When Jacob met God “face to face,” he bore in his own body the wound of his encounter. But he was also blessed, and received a new name to signal the transformation he experienced (cf. the later transformation of Moses, whose “face to face” encounter with God will transform his own face, Exodus 33:11, 34:29-35). This encounter with God made possible his recognition of the personhood of his brother Esau, and from that recognition arose their reconciliation (Exodus 33:10).

The close linking in the Decalogue of relationship with God to the relationships among God’s people strengthens the possibility that this unusual prepositional phrase has a deeper significance. Allowing another deity or power to obscure or obstruct God’s face prevents encounter and recognition. It leads instead to misrecognition — falsely identifying God with powers that are not God, whether they be forces of nature, human inventions, temporal rulers, personified fears, or wish fulfillments. When these powers overtake the space between ourselves and our God, they prevent us from recognizing, encountering, and honoring one another.

As you prepare to preach this week, you might ask, is your congregation oriented toward the God who sets slaves free? What powers have crowded your sanctuary? How have other deities led us to misrecognize God and one another? Will we allow our encounter with God to transform our life in community?

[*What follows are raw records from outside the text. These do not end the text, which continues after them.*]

text \<open>Following the support of a matrix with vanishing row and column sums, each
  dart can be continued without backtracking.\<close>

lemma acyclic_balanced_eq_0:
  fixes A :: "'a::finite \<Rightarrow> 'a \<Rightarrow> real"
  assumes "\<not> has_cycle \<alpha>" and "sym (edges \<alpha>)"
    and support: "\<And>x y. A x y \<noteq> 0 \<Longrightarrow> (x, y) \<in> edges \<alpha>"
    and rows: "\<And>x. (\<Sum>y\<in>UNIV. A x y) = 0"
    and columns: "\<And>y. (\<Sum>x\<in>UNIV. A x y) = 0"
  shows "A x y = 0"
proof (rule ccontr)
  assume "A x y \<noteq> 0"
  define D where "D = {(a, b). A a b \<noteq> 0 \<or> A b a \<noteq> 0}"
  have "has_cycle \<alpha>"
  proof (rule nonbacktracking_darts_has_cycle)
    show "D \<subseteq> edges \<alpha>"
      using support \<open>sym (edges \<alpha>)\<close> by (auto simp: D_def dest: symD)
    show "(x, y) \<in> D" using \<open>A x y \<noteq> 0\<close> by (simp add: D_def)
    fix a b assume "(a, b) \<in> D"
    then consider "A a b \<noteq> 0" | "A b a \<noteq> 0" by (auto simp: D_def)
    then show "\<exists>c. (b, c) \<in> D \<and> c \<noteq> a"
    proof cases
      case 1
      then obtain c where "c \<noteq> a" "A c b \<noteq> 0"
        using sum_eq_0_other_nonzero[OF columns] by metis
      then show ?thesis by (auto simp: D_def)
    next
      case 2
      then obtain c where "c \<noteq> a" "A b c \<noteq> 0"
        using sum_eq_0_other_nonzero[OF rows] by metis
      then show ?thesis by (auto simp: D_def)
    qed
  qed
  with assms(1) show False ..
qed

lemma relpow_sym:
  assumes "sym E" and "(x, y) \<in> E ^^ n"
  shows "(y, x) \<in> E ^^ n"
  using assms(2)
proof (induction n arbitrary: y)
  case (Suc n)
  then obtain z where "(x, z) \<in> E ^^ n" "(z, y) \<in> E" by (auto elim: relpow_Suc_E)
  then show ?case using Suc.IH \<open>sym E\<close> by (blast intro: relpow_Suc_I2 dest: symD)
qed simp

lemma walk_segment_relpow:
  assumes "\<forall>t<k. (f t, f (Suc t)) \<in> E" and "i \<le> j" and "j \<le> k"
  shows "(f i, f j) \<in> E ^^ (j - i)"
  unfolding relpow_fun_conv using assms by (intro exI[of _ "\<lambda>t. f (i + t)"]) auto

text \<open>A shortest closed walk of odd length is a cycle: at a repeated vertex it splits into
  two shorter closed walks, one of which has odd length.\<close>

lemma odd_closed_walk_has_cycle:
  assumes "odd k" and "(x, x) \<in> edges \<alpha> ^^ k"
  shows "has_cycle \<alpha>"
  using assms
proof (induction k arbitrary: x rule: less_induct)
  case (less k)
  then obtain f where f: "f 0 = x" "f k = x" and walk: "\<forall>t<k. (f t, f (Suc t)) \<in> edges \<alpha>"
    unfolding relpow_fun_conv by blast
  show ?case
  proof (cases "inj_on f {..<k}")
    case True
    then have "closed_path (edges \<alpha>) f k"
      using f walk by (simp add: closed_path_def)
    moreover have "k \<noteq> 0" "k \<noteq> 2"
      using \<open>odd k\<close> odd_pos by auto
    ultimately show ?thesis
      by (rule closed_path_has_cycle)
  next
    case False
    then obtain i j where "i < j" "j < k" "f i = f j"
      unfolding inj_on_def by (metis lessThan_iff linorder_neqE_nat)
    have inner: "(f j, f j) \<in> edges \<alpha> ^^ (j - i)"
      using walk_segment_relpow[OF walk, of i j] \<open>i < j\<close> \<open>j < k\<close> \<open>f i = f j\<close> by simp
    have "(x, x) \<in> edges \<alpha> ^^ i O edges \<alpha> ^^ (k - j)"
      using walk_segment_relpow[OF walk, of 0 i] walk_segment_relpow[OF walk, of j k]
        \<open>i < j\<close> \<open>j < k\<close> \<open>f i = f j\<close> f by auto
    then have outer: "(x, x) \<in> edges \<alpha> ^^ (i + (k - j))"
      by (simp only: relpow_add)
    have "(j - i) + (i + (k - j)) = k" and shorter: "j - i < k" "i + (k - j) < k"
      using \<open>i < j\<close> \<open>j < k\<close> by linarith+
    then have "odd (j - i) \<or> odd (i + (k - j))"
      using \<open>odd k\<close> by (metis even_add)
    then show ?thesis
      using less.IH[OF shorter(1) _ inner] less.IH[OF shorter(2) _ outer] by blast
  qed
qed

1. See, e.g., Herbert Niehr, “In Search of Yahweh’s Cult Statue in the First Temple,” in Karel van der Toorn, The Image and the Book: Iconic Cults, Aniconism, and the Rise of Book Religion in Israel and the Ancient Near East (Leuven: Peeters, 1997), 73-95.

2. Cf. the influential work of Emmanuel Levinas, Totality and Infinity: An Essay on Exteriority, translated by Alphonso Lingis (Martinus Nijhoff Publishers and Duquesne University Press, 1969).